Required action:
Among the lines below, take the one holding "(skorohod_topology T) (norm_bounded_paths", the one holding "obtain r s where", and all lines between them. Set them down exactly.

[Collected data]
########################################

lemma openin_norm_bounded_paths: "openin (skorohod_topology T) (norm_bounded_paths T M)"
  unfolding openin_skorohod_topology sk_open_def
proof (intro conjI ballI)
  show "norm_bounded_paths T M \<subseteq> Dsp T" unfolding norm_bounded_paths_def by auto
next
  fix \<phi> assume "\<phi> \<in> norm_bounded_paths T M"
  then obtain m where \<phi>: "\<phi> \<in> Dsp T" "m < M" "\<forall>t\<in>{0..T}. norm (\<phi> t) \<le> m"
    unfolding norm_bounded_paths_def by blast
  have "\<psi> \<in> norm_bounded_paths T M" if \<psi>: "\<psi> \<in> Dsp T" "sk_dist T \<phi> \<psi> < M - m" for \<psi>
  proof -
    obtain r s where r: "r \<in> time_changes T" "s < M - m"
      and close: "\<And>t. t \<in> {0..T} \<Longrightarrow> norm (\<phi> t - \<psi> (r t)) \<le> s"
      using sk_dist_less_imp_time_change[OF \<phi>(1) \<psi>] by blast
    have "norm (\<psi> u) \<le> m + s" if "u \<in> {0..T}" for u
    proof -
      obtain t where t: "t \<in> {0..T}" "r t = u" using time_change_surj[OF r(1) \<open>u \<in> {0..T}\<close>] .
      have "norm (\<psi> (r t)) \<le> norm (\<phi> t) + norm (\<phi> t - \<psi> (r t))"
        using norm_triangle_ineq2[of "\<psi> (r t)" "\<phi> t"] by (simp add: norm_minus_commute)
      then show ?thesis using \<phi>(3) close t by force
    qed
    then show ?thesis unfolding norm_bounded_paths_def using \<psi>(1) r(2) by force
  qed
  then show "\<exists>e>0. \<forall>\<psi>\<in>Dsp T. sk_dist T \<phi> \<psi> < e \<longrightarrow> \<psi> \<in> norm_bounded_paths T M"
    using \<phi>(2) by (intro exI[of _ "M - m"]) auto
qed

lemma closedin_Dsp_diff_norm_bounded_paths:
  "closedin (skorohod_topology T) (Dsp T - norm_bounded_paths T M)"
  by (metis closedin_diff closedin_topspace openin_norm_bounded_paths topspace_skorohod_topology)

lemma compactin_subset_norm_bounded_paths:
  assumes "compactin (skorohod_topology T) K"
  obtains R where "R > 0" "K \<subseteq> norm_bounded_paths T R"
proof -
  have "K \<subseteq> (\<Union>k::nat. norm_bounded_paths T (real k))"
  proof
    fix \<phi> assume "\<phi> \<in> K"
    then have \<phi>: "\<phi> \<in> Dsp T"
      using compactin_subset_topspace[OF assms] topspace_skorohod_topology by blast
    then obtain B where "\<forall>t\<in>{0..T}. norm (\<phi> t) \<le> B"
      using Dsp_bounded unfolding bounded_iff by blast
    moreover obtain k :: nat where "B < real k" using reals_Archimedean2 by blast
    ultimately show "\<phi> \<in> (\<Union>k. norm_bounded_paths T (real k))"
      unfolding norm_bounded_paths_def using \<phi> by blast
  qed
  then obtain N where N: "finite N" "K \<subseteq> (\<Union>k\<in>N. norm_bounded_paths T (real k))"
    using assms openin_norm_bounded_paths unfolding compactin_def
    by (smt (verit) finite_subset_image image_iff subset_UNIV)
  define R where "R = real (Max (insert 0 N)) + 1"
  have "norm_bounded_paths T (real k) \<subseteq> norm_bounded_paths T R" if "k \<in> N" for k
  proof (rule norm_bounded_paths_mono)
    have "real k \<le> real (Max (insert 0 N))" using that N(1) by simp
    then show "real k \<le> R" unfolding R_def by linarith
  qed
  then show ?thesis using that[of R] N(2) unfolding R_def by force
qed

########################################

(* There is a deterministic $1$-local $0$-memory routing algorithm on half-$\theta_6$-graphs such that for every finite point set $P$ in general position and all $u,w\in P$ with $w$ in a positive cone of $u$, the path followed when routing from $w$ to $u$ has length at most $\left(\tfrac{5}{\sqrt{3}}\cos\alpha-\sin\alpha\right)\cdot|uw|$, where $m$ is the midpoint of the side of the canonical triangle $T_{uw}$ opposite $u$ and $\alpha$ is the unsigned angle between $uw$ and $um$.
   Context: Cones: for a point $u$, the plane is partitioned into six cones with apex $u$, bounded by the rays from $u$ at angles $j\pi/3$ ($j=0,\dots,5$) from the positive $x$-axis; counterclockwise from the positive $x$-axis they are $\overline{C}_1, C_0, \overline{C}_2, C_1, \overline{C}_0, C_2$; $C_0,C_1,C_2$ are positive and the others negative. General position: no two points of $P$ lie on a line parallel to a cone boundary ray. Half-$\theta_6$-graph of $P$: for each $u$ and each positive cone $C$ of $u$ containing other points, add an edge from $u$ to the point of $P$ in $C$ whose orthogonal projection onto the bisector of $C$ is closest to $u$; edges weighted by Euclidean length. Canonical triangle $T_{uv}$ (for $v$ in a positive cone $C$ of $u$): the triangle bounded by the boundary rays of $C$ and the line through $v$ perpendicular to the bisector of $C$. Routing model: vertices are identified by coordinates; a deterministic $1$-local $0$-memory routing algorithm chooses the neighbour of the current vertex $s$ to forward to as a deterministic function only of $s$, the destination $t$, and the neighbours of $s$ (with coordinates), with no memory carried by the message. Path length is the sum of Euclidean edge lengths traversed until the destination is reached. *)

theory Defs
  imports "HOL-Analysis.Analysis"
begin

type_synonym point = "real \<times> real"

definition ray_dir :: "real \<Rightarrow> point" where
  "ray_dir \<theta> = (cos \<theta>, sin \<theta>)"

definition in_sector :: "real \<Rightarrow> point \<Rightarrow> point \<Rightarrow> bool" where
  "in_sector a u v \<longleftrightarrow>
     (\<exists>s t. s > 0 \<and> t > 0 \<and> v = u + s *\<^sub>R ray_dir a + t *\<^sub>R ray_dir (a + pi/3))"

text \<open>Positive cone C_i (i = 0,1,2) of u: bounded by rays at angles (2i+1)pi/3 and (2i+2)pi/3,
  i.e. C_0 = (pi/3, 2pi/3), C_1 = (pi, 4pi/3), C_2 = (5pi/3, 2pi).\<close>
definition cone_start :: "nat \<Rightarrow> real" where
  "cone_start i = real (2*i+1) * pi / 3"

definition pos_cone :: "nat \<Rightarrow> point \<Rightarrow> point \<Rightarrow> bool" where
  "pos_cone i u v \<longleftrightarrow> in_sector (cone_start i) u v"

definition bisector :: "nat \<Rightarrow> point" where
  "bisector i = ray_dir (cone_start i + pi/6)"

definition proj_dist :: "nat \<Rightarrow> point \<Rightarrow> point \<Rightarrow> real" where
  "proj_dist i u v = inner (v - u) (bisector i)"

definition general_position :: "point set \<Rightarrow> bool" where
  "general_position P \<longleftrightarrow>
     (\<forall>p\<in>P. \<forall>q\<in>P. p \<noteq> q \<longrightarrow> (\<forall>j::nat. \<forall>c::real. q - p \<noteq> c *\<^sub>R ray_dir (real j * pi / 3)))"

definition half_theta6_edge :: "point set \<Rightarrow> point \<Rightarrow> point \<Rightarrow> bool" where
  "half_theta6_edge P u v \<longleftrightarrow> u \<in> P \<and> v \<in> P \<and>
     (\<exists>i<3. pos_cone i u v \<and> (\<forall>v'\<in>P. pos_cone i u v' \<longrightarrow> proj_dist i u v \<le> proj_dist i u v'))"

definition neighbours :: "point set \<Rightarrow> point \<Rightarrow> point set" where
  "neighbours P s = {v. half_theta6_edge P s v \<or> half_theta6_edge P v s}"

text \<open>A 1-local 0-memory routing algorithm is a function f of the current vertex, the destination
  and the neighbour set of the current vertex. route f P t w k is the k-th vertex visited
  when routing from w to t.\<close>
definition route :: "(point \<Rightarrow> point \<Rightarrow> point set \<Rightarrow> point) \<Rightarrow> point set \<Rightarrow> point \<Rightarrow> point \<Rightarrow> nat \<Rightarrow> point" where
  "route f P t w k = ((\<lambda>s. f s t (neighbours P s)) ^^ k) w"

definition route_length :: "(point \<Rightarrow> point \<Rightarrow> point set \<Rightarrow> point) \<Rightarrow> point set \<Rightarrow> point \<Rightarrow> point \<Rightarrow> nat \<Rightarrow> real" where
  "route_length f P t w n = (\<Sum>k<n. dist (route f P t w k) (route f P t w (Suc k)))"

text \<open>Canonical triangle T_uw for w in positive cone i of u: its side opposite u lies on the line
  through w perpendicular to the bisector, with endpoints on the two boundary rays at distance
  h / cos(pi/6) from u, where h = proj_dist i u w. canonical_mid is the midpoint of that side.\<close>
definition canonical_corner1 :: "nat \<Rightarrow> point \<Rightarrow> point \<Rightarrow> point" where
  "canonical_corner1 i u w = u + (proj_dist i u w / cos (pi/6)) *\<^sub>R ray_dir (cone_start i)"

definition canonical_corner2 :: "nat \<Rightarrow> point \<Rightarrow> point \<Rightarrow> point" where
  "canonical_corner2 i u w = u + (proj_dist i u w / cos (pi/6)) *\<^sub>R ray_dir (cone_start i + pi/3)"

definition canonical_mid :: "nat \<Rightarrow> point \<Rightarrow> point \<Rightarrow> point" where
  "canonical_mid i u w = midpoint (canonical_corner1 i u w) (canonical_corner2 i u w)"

########################################

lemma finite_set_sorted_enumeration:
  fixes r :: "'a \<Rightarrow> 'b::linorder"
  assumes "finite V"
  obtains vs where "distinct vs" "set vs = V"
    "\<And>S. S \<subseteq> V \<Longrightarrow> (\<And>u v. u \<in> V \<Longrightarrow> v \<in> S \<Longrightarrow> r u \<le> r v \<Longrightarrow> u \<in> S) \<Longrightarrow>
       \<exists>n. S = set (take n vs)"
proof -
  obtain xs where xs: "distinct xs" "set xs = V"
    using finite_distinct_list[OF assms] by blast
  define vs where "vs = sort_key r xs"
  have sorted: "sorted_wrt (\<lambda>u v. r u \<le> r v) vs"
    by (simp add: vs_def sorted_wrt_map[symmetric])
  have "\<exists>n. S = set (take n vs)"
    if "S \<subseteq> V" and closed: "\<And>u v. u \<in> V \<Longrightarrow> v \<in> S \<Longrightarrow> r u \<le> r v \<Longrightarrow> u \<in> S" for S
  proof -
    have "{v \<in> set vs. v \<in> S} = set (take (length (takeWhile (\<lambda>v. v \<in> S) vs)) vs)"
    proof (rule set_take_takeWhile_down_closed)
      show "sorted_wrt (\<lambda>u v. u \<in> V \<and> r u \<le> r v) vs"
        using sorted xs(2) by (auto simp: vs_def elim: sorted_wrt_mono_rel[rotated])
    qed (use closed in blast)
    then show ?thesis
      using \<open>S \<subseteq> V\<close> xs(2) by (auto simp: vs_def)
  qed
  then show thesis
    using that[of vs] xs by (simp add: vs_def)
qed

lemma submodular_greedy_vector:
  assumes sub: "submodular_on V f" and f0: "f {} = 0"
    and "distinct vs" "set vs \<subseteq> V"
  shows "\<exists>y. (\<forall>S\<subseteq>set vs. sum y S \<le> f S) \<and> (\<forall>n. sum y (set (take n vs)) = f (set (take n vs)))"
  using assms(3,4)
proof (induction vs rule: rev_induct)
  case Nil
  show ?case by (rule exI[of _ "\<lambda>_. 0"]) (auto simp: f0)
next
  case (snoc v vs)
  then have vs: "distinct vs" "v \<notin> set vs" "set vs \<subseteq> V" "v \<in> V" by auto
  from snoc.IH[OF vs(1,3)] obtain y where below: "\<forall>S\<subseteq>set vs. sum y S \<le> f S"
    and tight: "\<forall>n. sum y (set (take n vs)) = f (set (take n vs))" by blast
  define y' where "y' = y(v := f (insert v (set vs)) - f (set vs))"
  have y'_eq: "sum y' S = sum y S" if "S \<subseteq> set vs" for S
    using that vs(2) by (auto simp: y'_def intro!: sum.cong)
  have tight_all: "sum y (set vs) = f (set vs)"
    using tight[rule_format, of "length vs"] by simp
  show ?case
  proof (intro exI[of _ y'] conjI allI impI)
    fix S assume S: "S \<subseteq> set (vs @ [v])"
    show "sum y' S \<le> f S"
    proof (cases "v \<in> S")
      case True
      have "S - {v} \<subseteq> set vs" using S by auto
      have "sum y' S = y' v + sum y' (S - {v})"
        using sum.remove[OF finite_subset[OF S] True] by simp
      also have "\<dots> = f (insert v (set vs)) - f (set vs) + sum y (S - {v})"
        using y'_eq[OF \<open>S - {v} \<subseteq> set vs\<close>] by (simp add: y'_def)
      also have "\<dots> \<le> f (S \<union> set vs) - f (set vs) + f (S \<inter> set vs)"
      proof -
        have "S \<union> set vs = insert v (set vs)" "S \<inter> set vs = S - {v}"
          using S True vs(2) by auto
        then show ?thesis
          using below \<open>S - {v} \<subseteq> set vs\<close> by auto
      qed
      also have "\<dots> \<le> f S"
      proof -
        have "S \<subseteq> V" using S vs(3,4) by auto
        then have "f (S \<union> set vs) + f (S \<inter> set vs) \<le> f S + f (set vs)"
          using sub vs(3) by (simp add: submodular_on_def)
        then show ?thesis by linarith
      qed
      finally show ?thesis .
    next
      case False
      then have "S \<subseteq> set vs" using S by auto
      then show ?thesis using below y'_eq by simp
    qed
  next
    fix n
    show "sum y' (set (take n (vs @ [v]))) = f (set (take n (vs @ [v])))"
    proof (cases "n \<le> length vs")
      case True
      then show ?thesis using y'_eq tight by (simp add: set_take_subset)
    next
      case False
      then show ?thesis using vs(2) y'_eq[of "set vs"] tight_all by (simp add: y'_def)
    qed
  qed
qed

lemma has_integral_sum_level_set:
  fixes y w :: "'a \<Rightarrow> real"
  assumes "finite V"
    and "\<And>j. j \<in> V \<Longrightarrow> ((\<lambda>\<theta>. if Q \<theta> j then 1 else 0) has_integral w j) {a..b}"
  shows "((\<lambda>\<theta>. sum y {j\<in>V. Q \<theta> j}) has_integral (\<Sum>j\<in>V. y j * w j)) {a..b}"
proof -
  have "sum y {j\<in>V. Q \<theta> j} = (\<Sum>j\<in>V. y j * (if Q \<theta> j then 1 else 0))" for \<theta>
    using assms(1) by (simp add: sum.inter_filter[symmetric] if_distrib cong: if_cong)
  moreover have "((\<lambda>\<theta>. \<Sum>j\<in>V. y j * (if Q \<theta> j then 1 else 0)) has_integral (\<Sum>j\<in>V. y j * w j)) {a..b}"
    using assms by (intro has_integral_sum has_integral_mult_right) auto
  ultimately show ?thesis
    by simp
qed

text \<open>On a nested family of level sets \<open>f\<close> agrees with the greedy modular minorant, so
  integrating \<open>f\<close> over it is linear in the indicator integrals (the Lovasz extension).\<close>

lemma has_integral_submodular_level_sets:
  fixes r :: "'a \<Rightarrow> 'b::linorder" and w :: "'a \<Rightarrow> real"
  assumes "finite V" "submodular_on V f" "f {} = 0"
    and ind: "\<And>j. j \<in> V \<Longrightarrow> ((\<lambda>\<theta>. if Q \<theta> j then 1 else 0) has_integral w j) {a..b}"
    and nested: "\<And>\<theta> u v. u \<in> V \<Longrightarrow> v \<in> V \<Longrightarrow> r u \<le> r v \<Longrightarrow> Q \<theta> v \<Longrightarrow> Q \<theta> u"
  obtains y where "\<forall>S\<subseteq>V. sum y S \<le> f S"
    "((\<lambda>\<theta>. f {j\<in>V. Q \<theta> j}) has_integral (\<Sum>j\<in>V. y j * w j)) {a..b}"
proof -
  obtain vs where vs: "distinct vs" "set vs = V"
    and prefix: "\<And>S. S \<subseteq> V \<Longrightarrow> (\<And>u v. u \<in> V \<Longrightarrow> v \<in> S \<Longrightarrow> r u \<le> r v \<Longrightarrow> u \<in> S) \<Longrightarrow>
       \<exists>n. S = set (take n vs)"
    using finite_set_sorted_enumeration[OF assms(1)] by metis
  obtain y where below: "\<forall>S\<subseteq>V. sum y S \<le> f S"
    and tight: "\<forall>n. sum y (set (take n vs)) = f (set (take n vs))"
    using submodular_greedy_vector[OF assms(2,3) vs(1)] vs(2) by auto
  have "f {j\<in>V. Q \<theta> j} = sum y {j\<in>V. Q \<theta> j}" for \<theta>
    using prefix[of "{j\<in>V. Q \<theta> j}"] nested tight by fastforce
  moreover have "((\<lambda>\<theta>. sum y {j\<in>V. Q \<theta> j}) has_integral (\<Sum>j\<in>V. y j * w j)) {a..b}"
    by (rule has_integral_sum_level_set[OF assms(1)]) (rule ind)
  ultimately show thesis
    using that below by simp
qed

########################################

Answer to this exercise:
lemma openin_norm_bounded_paths: "openin (skorohod_topology T) (norm_bounded_paths T M)"
  unfolding openin_skorohod_topology sk_open_def
proof (intro conjI ballI)
  show "norm_bounded_paths T M \<subseteq> Dsp T" unfolding norm_bounded_paths_def by auto
next
  fix \<phi> assume "\<phi> \<in> norm_bounded_paths T M"
  then obtain m where \<phi>: "\<phi> \<in> Dsp T" "m < M" "\<forall>t\<in>{0..T}. norm (\<phi> t) \<le> m"
    unfolding norm_bounded_paths_def by blast
  have "\<psi> \<in> norm_bounded_paths T M" if \<psi>: "\<psi> \<in> Dsp T" "sk_dist T \<phi> \<psi> < M - m" for \<psi>
  proof -
    obtain r s where r: "r \<in> time_changes T" "s < M - m"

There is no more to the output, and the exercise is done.